* _PROBLEM REQUIREMENTS_
Take every line from the listing below that contains "lambda".

START PROVIDED ENTRIES

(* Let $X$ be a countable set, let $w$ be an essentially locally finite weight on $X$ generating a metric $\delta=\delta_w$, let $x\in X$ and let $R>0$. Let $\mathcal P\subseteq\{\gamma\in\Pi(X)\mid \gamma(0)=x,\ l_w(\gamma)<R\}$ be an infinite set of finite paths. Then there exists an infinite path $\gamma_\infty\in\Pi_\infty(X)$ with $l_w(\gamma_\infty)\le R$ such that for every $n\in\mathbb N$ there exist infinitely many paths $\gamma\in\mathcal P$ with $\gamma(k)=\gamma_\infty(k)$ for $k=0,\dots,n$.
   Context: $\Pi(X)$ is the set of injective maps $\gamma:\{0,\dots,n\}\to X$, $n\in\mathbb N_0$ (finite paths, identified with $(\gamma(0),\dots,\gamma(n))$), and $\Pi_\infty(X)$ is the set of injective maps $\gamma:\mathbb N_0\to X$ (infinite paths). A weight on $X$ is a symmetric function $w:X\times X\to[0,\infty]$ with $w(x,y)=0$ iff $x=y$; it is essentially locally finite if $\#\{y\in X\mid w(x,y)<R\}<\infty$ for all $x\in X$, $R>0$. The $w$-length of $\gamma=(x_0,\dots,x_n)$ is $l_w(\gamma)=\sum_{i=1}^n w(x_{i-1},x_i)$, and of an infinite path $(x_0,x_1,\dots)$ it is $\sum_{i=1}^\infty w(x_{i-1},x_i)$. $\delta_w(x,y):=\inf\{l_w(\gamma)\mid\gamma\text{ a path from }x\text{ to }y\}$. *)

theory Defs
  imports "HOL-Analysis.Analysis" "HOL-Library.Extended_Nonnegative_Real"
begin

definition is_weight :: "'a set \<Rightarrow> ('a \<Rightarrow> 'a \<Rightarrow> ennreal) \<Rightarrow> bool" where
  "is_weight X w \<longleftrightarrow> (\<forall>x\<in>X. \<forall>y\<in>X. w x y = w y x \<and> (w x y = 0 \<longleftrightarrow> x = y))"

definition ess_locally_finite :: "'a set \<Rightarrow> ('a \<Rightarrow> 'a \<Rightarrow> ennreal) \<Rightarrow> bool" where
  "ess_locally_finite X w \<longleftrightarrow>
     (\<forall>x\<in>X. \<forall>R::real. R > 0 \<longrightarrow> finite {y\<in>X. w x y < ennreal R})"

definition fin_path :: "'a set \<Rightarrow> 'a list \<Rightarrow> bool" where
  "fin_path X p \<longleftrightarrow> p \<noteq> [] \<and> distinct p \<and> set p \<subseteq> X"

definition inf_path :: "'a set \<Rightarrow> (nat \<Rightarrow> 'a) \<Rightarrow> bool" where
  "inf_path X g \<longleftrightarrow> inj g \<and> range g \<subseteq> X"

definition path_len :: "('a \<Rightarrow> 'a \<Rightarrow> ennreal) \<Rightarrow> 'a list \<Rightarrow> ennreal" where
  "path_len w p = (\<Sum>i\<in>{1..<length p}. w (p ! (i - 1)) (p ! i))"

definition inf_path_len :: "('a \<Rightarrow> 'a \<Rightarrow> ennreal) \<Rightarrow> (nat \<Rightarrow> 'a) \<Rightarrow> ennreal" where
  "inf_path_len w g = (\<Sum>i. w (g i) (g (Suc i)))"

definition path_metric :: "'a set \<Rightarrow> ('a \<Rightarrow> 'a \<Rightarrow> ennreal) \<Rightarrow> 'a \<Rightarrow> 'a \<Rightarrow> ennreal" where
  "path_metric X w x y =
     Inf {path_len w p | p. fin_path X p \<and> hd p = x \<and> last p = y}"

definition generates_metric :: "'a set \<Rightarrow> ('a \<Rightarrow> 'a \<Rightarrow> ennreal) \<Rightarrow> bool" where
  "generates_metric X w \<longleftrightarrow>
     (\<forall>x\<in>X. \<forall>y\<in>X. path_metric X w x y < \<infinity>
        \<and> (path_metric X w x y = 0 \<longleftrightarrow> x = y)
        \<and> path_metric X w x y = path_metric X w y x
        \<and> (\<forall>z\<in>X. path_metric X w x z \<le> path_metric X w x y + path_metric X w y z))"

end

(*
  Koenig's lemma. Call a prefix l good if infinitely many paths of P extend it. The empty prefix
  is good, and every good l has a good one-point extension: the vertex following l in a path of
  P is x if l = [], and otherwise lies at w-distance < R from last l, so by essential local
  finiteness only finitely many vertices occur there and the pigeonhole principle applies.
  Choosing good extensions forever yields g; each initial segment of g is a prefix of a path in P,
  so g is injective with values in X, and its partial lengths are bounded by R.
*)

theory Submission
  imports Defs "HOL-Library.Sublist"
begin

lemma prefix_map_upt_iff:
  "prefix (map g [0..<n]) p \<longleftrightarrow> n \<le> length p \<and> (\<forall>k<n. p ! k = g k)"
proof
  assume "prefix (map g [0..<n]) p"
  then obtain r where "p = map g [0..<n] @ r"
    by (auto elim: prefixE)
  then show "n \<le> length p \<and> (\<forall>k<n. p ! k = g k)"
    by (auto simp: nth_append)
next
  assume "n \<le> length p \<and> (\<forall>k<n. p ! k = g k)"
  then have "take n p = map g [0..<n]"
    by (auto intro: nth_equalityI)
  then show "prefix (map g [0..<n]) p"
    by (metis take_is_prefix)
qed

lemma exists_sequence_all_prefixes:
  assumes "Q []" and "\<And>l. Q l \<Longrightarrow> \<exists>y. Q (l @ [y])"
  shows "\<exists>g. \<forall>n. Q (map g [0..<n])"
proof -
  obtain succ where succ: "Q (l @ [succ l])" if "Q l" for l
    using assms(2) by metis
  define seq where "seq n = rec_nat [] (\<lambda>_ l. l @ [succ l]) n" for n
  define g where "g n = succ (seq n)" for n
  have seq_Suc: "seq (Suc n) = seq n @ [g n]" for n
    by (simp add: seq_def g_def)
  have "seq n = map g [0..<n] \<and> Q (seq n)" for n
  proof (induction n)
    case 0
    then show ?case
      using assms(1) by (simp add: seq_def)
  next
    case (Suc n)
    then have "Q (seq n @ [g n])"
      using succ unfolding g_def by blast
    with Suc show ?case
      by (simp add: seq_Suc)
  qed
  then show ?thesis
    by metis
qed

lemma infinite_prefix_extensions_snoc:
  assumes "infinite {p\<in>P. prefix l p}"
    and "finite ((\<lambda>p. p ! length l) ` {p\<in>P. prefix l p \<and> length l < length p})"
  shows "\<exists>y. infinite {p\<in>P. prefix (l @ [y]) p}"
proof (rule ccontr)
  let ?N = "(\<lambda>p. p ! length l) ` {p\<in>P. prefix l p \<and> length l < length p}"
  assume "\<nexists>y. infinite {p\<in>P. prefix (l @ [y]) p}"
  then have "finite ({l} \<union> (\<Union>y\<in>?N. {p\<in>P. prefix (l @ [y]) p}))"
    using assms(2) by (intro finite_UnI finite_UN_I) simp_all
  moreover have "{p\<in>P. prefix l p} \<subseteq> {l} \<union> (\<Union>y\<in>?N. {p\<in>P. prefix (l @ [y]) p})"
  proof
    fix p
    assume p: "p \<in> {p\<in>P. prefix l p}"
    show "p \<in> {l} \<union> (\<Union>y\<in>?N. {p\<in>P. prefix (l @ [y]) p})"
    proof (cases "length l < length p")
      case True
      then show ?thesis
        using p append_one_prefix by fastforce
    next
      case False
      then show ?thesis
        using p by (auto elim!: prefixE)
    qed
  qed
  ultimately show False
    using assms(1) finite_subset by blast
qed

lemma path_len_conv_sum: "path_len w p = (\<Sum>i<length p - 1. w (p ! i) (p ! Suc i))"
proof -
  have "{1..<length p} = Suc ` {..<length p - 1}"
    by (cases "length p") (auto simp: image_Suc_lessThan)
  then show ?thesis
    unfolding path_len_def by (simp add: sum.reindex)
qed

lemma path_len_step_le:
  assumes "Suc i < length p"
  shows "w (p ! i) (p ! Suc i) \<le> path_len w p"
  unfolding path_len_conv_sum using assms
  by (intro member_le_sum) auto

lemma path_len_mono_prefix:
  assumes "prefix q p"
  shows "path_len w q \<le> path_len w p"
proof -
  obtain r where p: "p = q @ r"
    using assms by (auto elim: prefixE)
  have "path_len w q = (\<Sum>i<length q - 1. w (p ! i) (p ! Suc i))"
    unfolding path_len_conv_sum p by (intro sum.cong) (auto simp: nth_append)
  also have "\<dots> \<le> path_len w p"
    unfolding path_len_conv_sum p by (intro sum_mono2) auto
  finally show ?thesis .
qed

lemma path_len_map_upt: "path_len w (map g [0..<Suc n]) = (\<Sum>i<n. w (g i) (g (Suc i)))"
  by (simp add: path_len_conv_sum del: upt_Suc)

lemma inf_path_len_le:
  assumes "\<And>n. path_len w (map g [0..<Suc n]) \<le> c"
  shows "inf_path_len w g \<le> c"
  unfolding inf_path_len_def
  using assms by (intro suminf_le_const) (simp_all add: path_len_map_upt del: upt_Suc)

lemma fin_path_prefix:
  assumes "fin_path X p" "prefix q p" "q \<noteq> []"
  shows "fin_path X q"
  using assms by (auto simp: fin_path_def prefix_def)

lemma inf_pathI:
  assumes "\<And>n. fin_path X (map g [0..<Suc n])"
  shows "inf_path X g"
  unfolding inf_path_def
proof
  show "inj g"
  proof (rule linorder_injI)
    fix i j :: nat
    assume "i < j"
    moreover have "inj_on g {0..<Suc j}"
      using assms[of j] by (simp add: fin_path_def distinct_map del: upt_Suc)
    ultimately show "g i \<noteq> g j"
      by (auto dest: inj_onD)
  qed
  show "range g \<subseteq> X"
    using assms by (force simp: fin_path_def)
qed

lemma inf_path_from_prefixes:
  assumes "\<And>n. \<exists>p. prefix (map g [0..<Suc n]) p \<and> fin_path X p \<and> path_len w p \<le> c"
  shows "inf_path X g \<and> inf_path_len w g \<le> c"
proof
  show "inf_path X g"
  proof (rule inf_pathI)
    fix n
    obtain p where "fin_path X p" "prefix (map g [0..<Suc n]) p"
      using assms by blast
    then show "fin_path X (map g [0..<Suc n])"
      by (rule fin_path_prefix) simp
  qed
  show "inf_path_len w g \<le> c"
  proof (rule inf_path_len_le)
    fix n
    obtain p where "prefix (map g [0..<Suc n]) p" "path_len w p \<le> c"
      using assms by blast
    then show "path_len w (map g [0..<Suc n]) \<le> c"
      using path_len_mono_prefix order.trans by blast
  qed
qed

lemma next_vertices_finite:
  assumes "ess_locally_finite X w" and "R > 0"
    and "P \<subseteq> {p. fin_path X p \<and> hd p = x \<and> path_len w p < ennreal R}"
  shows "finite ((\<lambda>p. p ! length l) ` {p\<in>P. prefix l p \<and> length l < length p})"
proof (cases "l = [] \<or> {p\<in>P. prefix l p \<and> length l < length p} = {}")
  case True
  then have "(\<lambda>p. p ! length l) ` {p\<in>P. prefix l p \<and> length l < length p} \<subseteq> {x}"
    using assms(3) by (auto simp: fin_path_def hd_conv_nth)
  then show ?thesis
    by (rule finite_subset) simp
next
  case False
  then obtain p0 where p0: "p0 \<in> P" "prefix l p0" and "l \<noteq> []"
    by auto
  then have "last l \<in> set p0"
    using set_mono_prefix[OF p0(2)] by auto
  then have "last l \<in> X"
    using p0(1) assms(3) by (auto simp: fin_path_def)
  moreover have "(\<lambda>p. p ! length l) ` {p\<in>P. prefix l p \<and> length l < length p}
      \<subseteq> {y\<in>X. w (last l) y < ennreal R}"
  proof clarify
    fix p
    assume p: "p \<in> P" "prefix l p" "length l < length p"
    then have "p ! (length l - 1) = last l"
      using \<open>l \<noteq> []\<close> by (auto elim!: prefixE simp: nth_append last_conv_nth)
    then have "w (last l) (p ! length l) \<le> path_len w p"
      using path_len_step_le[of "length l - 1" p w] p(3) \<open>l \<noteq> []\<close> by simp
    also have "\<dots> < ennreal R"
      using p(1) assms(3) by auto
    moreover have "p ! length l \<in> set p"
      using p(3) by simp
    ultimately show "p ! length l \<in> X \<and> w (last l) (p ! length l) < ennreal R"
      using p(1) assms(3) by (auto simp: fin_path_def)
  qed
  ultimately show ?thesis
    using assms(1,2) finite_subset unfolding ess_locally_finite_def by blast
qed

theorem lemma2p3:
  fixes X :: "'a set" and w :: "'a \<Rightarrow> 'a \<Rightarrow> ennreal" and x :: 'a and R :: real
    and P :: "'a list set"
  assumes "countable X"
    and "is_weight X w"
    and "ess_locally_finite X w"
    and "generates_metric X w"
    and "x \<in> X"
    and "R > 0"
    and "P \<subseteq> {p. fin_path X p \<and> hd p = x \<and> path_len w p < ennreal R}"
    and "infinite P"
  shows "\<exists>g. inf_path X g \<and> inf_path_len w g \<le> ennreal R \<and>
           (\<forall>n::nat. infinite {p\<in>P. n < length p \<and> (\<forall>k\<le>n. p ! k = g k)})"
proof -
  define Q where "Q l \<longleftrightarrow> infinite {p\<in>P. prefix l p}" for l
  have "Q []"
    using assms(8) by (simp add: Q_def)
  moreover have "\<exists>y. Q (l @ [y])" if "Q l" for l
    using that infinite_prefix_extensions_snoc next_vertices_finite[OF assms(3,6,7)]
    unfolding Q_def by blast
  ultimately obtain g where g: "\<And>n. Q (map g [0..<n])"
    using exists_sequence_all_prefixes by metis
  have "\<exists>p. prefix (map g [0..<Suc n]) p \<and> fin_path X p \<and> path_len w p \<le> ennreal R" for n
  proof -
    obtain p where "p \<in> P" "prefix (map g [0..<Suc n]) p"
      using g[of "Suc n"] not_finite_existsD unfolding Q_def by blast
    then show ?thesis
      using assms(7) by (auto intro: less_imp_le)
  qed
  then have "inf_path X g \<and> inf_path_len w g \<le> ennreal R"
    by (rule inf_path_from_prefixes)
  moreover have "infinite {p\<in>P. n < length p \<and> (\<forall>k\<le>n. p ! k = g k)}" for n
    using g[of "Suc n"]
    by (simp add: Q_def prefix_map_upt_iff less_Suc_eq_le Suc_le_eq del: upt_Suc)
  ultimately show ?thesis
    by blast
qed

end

END PROVIDED ENTRIES

* _ANSWER SECTION_
  define seq where "seq n = rec_nat [] (\<lambda>_ l. l @ [succ l]) n" for n
    and "finite ((\<lambda>p. p ! length l) ` {p\<in>P. prefix l p \<and> length l < length p})"
  let ?N = "(\<lambda>p. p ! length l) ` {p\<in>P. prefix l p \<and> length l < length p}"
  shows "finite ((\<lambda>p. p ! length l) ` {p\<in>P. prefix l p \<and> length l < length p})"
  then have "(\<lambda>p. p ! length l) ` {p\<in>P. prefix l p \<and> length l < length p} \<subseteq> {x}"
  moreover have "(\<lambda>p. p ! length l) ` {p\<in>P. prefix l p \<and> length l < length p}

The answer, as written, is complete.